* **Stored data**
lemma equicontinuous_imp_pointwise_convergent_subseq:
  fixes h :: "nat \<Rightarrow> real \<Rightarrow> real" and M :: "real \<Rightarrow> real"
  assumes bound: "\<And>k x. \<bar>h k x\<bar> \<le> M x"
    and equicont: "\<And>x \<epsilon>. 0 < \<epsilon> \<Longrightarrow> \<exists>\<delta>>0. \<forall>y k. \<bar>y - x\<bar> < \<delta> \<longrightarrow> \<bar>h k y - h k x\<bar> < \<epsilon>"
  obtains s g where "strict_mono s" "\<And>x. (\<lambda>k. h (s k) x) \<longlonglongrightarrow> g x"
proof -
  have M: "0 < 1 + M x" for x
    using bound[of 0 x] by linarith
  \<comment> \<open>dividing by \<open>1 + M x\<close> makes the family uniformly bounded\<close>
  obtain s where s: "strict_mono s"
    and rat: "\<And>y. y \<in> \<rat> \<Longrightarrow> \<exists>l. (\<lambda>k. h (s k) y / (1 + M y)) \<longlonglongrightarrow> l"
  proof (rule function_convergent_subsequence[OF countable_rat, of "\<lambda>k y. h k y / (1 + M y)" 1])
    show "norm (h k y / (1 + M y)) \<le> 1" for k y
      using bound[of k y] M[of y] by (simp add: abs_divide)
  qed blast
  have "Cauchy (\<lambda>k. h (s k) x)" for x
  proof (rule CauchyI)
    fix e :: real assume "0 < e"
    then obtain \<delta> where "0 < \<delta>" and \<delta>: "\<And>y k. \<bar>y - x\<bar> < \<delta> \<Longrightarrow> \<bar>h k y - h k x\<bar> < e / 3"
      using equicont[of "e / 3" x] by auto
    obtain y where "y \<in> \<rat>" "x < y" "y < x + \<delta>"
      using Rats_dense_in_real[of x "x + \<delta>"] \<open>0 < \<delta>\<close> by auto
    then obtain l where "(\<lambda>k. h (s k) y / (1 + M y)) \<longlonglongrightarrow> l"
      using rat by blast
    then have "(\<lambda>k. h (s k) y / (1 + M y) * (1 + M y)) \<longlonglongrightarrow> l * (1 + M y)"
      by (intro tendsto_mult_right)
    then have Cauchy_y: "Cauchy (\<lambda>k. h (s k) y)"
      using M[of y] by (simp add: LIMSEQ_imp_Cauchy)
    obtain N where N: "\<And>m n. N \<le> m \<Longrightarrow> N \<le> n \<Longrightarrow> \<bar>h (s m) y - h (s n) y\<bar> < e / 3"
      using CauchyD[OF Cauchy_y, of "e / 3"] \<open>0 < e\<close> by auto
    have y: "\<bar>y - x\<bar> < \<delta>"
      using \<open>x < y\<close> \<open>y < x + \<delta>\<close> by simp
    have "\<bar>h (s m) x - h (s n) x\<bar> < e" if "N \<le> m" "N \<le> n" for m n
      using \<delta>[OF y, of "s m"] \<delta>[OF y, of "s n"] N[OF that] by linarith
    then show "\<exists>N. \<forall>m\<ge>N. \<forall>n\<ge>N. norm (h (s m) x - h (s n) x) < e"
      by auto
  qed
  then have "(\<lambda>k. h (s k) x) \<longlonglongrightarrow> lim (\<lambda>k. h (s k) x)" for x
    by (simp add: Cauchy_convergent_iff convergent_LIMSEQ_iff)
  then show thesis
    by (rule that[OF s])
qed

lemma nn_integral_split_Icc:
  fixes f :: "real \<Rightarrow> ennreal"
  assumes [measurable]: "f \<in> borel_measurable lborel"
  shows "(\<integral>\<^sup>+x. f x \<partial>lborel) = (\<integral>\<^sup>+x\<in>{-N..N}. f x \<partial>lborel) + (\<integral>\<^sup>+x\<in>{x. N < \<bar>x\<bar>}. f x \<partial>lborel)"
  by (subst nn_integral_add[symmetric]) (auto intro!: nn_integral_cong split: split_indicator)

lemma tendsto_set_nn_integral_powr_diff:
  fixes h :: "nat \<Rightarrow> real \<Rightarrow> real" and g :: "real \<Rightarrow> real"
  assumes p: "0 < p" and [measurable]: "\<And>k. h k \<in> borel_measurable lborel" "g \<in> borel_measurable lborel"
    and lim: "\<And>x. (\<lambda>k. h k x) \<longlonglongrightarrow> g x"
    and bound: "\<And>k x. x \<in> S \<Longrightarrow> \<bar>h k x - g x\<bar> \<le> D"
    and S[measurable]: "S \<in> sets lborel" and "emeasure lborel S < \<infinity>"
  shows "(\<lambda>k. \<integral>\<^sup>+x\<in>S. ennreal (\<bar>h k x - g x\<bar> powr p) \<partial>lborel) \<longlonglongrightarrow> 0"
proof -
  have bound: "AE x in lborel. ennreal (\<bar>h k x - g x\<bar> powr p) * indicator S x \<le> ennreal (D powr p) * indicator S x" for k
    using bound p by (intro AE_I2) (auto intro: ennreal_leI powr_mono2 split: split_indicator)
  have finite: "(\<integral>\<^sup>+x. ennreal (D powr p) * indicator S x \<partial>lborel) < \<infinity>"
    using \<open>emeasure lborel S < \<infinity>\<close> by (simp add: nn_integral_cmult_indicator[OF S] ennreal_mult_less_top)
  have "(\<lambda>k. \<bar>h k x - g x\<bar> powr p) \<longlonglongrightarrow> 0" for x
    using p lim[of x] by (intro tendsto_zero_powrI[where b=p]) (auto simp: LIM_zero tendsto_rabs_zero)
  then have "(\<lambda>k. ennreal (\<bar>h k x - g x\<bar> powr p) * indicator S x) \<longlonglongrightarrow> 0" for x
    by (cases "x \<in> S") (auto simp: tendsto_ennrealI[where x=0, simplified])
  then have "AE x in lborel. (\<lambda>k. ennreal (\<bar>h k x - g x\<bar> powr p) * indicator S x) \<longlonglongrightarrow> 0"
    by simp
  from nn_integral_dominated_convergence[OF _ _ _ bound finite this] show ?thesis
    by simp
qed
...
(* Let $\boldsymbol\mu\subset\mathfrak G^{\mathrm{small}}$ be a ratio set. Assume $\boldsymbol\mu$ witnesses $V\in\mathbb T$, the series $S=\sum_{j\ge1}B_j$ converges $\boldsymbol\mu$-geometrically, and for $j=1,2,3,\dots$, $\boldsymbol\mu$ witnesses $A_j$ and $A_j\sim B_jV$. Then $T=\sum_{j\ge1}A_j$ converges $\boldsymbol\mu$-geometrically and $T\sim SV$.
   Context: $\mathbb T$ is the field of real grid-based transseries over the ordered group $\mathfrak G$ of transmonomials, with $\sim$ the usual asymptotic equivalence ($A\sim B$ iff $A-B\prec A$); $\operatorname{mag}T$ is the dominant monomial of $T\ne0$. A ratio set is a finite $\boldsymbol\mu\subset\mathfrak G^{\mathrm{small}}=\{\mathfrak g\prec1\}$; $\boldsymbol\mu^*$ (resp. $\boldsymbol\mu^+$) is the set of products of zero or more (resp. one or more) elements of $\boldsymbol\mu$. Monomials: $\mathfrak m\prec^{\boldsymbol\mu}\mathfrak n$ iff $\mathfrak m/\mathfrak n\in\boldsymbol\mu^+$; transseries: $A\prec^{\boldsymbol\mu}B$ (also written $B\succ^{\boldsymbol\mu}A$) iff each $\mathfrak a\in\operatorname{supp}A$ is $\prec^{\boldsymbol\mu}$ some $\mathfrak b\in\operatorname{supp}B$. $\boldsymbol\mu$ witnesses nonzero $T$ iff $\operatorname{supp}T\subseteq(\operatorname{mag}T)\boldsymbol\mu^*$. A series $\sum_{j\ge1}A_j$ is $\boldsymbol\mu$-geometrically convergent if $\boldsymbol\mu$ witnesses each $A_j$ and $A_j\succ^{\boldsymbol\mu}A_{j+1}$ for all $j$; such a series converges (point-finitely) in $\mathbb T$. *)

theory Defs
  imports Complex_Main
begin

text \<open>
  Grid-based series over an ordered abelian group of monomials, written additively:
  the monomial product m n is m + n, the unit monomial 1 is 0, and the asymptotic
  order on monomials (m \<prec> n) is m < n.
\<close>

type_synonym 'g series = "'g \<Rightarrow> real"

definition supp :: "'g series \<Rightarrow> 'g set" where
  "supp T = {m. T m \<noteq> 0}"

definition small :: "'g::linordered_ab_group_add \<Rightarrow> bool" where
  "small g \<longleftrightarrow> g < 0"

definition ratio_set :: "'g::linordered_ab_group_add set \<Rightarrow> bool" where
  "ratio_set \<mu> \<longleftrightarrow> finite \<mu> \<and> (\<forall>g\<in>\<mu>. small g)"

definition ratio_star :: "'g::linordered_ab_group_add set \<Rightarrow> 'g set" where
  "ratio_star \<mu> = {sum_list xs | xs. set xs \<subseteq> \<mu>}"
...
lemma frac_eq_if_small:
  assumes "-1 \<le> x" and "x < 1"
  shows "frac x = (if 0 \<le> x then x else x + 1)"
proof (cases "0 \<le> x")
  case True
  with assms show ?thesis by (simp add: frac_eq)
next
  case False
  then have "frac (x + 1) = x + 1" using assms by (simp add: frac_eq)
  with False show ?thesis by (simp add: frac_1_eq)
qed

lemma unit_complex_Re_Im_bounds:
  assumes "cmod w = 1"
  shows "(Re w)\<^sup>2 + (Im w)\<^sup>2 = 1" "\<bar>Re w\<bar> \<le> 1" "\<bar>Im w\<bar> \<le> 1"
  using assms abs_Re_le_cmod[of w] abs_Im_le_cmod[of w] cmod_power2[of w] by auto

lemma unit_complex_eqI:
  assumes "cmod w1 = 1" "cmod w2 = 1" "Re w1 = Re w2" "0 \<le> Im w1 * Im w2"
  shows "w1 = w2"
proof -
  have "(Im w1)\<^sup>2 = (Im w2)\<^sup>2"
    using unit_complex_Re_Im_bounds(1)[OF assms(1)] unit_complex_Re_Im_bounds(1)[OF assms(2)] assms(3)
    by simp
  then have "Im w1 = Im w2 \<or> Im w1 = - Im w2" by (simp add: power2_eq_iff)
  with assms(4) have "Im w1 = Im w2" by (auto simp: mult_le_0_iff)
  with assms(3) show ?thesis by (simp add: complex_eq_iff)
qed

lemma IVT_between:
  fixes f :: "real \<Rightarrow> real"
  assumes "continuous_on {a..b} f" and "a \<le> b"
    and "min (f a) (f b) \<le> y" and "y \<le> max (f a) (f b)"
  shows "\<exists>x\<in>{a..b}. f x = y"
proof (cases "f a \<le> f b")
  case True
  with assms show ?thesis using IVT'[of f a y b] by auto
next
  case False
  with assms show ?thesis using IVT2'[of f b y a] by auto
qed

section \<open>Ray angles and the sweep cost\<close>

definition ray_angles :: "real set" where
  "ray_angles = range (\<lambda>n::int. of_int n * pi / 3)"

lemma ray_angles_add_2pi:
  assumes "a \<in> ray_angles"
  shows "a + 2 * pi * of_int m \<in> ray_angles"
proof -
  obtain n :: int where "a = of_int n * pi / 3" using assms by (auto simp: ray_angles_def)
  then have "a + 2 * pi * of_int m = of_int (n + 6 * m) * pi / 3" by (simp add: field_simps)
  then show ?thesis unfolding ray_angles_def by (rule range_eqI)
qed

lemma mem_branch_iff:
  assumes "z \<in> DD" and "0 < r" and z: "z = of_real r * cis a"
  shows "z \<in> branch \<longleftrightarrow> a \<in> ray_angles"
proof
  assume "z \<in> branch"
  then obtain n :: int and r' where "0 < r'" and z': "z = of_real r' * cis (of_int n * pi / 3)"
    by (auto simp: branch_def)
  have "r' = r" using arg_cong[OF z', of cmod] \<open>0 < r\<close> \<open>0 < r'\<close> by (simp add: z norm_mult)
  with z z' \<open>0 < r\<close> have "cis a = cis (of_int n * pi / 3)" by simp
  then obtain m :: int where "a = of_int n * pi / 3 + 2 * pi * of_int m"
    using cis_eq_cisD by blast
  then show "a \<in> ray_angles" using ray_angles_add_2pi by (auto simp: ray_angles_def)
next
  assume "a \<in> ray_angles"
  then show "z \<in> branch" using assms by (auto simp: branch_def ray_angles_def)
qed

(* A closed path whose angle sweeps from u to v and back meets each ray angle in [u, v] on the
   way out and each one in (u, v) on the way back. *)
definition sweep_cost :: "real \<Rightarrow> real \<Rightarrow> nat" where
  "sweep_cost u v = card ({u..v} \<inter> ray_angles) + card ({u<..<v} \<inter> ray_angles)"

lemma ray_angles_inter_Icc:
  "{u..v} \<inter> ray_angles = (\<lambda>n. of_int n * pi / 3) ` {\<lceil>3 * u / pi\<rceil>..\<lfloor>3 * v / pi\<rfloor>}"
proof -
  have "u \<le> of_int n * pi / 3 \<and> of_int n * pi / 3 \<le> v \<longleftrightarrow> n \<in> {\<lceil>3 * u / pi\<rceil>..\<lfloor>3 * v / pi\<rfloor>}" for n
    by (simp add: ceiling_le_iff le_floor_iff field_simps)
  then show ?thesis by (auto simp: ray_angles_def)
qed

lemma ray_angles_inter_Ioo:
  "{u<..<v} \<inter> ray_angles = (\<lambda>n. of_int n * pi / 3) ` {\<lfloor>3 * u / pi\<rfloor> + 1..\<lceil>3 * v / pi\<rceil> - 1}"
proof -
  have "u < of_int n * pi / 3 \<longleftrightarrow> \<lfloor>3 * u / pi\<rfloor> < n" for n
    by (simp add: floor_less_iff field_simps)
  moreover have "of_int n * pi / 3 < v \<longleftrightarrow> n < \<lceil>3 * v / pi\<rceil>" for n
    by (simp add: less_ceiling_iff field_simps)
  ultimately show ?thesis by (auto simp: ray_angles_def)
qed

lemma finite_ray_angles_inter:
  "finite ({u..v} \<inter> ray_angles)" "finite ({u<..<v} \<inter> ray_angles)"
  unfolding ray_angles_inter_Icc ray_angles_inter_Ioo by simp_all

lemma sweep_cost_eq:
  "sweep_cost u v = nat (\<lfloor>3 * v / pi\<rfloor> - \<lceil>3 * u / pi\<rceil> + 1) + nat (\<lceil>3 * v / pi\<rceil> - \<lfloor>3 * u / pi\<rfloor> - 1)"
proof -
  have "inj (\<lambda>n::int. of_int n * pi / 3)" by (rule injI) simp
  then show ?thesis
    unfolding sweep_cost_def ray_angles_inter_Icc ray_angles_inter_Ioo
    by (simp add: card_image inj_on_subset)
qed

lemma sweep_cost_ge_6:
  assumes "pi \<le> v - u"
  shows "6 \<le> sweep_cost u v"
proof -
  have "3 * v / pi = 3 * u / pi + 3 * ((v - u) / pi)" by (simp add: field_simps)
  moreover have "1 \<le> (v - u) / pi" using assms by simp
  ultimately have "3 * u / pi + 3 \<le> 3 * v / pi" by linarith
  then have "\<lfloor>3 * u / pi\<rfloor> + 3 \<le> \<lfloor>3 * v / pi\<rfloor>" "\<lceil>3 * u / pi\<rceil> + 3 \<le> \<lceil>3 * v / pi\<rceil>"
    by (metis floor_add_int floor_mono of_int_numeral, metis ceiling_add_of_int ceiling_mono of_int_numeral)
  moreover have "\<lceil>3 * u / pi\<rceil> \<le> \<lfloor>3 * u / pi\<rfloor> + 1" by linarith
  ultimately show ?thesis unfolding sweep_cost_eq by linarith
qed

* **EXERCISE PROMPT**
Beginning at the line with "Grid-based series over" and ending at the line with "set xs \<subseteq>", reproduce each line of the data above exactly, and add no other lines.

* **EXERCISE ANSWER**
  Grid-based series over an ordered abelian group of monomials, written additively:
  the monomial product m n is m + n, the unit monomial 1 is 0, and the asymptotic
  order on monomials (m \<prec> n) is m < n.
\<close>

type_synonym 'g series = "'g \<Rightarrow> real"

definition supp :: "'g series \<Rightarrow> 'g set" where
  "supp T = {m. T m \<noteq> 0}"

definition small :: "'g::linordered_ab_group_add \<Rightarrow> bool" where
  "small g \<longleftrightarrow> g < 0"

definition ratio_set :: "'g::linordered_ab_group_add set \<Rightarrow> bool" where
  "ratio_set \<mu> \<longleftrightarrow> finite \<mu> \<and> (\<forall>g\<in>\<mu>. small g)"

definition ratio_star :: "'g::linordered_ab_group_add set \<Rightarrow> 'g set" where
  "ratio_star \<mu> = {sum_list xs | xs. set xs \<subseteq> \<mu>}"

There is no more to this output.